▶ [TASK]:
Please restate the following records word for word.

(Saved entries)

---*---

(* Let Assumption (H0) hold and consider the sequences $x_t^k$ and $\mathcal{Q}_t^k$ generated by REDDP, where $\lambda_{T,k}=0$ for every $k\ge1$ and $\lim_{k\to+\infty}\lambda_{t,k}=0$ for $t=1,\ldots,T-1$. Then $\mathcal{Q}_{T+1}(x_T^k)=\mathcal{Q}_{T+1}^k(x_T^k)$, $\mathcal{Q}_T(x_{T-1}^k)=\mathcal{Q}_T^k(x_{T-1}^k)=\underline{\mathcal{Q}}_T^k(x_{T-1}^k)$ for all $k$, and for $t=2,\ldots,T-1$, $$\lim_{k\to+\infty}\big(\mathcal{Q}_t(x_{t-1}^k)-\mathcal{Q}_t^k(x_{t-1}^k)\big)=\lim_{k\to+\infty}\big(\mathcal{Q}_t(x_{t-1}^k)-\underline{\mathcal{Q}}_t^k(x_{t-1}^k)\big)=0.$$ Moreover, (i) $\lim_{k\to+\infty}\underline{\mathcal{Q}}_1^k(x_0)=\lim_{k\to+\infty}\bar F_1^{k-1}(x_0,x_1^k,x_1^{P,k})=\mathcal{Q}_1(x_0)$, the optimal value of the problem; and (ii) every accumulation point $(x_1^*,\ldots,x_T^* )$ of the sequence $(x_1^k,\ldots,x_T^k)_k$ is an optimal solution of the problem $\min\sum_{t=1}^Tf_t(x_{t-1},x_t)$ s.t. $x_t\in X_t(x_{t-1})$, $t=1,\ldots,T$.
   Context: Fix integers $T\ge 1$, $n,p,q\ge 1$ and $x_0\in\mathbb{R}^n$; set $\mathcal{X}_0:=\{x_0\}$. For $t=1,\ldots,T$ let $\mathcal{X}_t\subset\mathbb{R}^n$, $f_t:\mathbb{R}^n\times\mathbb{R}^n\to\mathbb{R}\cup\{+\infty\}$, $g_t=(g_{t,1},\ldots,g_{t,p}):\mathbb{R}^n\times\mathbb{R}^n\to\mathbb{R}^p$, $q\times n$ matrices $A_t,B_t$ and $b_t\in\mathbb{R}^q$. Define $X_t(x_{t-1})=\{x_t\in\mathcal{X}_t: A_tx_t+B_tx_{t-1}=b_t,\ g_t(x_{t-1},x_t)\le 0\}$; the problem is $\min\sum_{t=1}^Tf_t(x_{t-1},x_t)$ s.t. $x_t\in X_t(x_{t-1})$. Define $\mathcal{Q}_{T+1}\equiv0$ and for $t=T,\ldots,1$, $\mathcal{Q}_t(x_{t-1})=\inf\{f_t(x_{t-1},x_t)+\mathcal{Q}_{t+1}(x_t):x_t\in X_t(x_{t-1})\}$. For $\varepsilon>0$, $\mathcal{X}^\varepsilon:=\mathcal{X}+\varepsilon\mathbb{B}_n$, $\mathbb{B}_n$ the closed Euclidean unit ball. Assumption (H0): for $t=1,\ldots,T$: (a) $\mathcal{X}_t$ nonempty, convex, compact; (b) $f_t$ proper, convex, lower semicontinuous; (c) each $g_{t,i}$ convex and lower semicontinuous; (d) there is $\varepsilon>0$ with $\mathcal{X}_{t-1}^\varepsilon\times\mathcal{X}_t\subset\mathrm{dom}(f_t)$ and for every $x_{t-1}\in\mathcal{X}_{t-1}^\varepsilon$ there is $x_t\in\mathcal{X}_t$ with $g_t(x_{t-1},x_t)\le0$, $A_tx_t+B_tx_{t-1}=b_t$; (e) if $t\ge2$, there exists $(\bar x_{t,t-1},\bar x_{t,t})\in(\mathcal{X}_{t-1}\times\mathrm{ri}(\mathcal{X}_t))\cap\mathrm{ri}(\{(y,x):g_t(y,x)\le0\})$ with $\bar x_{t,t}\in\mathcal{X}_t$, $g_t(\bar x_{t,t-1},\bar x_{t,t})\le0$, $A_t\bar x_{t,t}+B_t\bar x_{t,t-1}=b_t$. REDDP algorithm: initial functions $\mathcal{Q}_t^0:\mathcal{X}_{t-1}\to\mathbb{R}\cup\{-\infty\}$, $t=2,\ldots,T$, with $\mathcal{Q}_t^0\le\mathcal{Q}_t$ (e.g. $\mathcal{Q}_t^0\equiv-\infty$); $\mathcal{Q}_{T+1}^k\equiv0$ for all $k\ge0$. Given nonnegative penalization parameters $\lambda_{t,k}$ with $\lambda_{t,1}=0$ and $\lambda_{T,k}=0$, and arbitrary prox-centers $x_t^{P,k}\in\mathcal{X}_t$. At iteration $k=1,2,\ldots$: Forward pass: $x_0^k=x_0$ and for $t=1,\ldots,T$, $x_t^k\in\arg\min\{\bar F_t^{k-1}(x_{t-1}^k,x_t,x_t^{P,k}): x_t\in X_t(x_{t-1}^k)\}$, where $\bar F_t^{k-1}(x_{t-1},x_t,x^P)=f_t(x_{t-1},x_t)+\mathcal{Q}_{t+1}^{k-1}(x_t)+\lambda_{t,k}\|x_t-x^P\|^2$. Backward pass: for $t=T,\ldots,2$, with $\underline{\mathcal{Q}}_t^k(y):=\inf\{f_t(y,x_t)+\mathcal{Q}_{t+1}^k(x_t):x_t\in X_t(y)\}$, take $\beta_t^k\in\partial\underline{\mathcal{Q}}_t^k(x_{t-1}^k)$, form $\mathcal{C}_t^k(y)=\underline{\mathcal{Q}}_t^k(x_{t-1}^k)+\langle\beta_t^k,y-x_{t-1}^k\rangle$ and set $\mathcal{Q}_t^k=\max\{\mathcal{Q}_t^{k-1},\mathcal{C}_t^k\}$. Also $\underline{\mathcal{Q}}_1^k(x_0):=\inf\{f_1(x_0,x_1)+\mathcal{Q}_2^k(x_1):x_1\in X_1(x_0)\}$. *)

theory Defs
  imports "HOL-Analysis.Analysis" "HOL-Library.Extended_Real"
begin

---*---

▶ [TASK RESPONSE]:
(* Let Assumption (H0) hold and consider the sequences $x_t^k$ and $\mathcal{Q}_t^k$ generated by REDDP, where $\lambda_{T,k}=0$ for every $k\ge1$ and $\lim_{k\to+\infty}\lambda_{t,k}=0$ for $t=1,\ldots,T-1$. Then $\mathcal{Q}_{T+1}(x_T^k)=\mathcal{Q}_{T+1}^k(x_T^k)$, $\mathcal{Q}_T(x_{T-1}^k)=\mathcal{Q}_T^k(x_{T-1}^k)=\underline{\mathcal{Q}}_T^k(x_{T-1}^k)$ for all $k$, and for $t=2,\ldots,T-1$, $$\lim_{k\to+\infty}\big(\mathcal{Q}_t(x_{t-1}^k)-\mathcal{Q}_t^k(x_{t-1}^k)\big)=\lim_{k\to+\infty}\big(\mathcal{Q}_t(x_{t-1}^k)-\underline{\mathcal{Q}}_t^k(x_{t-1}^k)\big)=0.$$ Moreover, (i) $\lim_{k\to+\infty}\underline{\mathcal{Q}}_1^k(x_0)=\lim_{k\to+\infty}\bar F_1^{k-1}(x_0,x_1^k,x_1^{P,k})=\mathcal{Q}_1(x_0)$, the optimal value of the problem; and (ii) every accumulation point $(x_1^*,\ldots,x_T^* )$ of the sequence $(x_1^k,\ldots,x_T^k)_k$ is an optimal solution of the problem $\min\sum_{t=1}^Tf_t(x_{t-1},x_t)$ s.t. $x_t\in X_t(x_{t-1})$, $t=1,\ldots,T$.
   Context: Fix integers $T\ge 1$, $n,p,q\ge 1$ and $x_0\in\mathbb{R}^n$; set $\mathcal{X}_0:=\{x_0\}$. For $t=1,\ldots,T$ let $\mathcal{X}_t\subset\mathbb{R}^n$, $f_t:\mathbb{R}^n\times\mathbb{R}^n\to\mathbb{R}\cup\{+\infty\}$, $g_t=(g_{t,1},\ldots,g_{t,p}):\mathbb{R}^n\times\mathbb{R}^n\to\mathbb{R}^p$, $q\times n$ matrices $A_t,B_t$ and $b_t\in\mathbb{R}^q$. Define $X_t(x_{t-1})=\{x_t\in\mathcal{X}_t: A_tx_t+B_tx_{t-1}=b_t,\ g_t(x_{t-1},x_t)\le 0\}$; the problem is $\min\sum_{t=1}^Tf_t(x_{t-1},x_t)$ s.t. $x_t\in X_t(x_{t-1})$. Define $\mathcal{Q}_{T+1}\equiv0$ and for $t=T,\ldots,1$, $\mathcal{Q}_t(x_{t-1})=\inf\{f_t(x_{t-1},x_t)+\mathcal{Q}_{t+1}(x_t):x_t\in X_t(x_{t-1})\}$. For $\varepsilon>0$, $\mathcal{X}^\varepsilon:=\mathcal{X}+\varepsilon\mathbb{B}_n$, $\mathbb{B}_n$ the closed Euclidean unit ball. Assumption (H0): for $t=1,\ldots,T$: (a) $\mathcal{X}_t$ nonempty, convex, compact; (b) $f_t$ proper, convex, lower semicontinuous; (c) each $g_{t,i}$ convex and lower semicontinuous; (d) there is $\varepsilon>0$ with $\mathcal{X}_{t-1}^\varepsilon\times\mathcal{X}_t\subset\mathrm{dom}(f_t)$ and for every $x_{t-1}\in\mathcal{X}_{t-1}^\varepsilon$ there is $x_t\in\mathcal{X}_t$ with $g_t(x_{t-1},x_t)\le0$, $A_tx_t+B_tx_{t-1}=b_t$; (e) if $t\ge2$, there exists $(\bar x_{t,t-1},\bar x_{t,t})\in(\mathcal{X}_{t-1}\times\mathrm{ri}(\mathcal{X}_t))\cap\mathrm{ri}(\{(y,x):g_t(y,x)\le0\})$ with $\bar x_{t,t}\in\mathcal{X}_t$, $g_t(\bar x_{t,t-1},\bar x_{t,t})\le0$, $A_t\bar x_{t,t}+B_t\bar x_{t,t-1}=b_t$. REDDP algorithm: initial functions $\mathcal{Q}_t^0:\mathcal{X}_{t-1}\to\mathbb{R}\cup\{-\infty\}$, $t=2,\ldots,T$, with $\mathcal{Q}_t^0\le\mathcal{Q}_t$ (e.g. $\mathcal{Q}_t^0\equiv-\infty$); $\mathcal{Q}_{T+1}^k\equiv0$ for all $k\ge0$. Given nonnegative penalization parameters $\lambda_{t,k}$ with $\lambda_{t,1}=0$ and $\lambda_{T,k}=0$, and arbitrary prox-centers $x_t^{P,k}\in\mathcal{X}_t$. At iteration $k=1,2,\ldots$: Forward pass: $x_0^k=x_0$ and for $t=1,\ldots,T$, $x_t^k\in\arg\min\{\bar F_t^{k-1}(x_{t-1}^k,x_t,x_t^{P,k}): x_t\in X_t(x_{t-1}^k)\}$, where $\bar F_t^{k-1}(x_{t-1},x_t,x^P)=f_t(x_{t-1},x_t)+\mathcal{Q}_{t+1}^{k-1}(x_t)+\lambda_{t,k}\|x_t-x^P\|^2$. Backward pass: for $t=T,\ldots,2$, with $\underline{\mathcal{Q}}_t^k(y):=\inf\{f_t(y,x_t)+\mathcal{Q}_{t+1}^k(x_t):x_t\in X_t(y)\}$, take $\beta_t^k\in\partial\underline{\mathcal{Q}}_t^k(x_{t-1}^k)$, form $\mathcal{C}_t^k(y)=\underline{\mathcal{Q}}_t^k(x_{t-1}^k)+\langle\beta_t^k,y-x_{t-1}^k\rangle$ and set $\mathcal{Q}_t^k=\max\{\mathcal{Q}_t^{k-1},\mathcal{C}_t^k\}$. Also $\underline{\mathcal{Q}}_1^k(x_0):=\inf\{f_1(x_0,x_1)+\mathcal{Q}_2^k(x_1):x_1\in X_1(x_0)\}$. *)

theory Defs
  imports "HOL-Analysis.Analysis" "HOL-Library.Extended_Real"
begin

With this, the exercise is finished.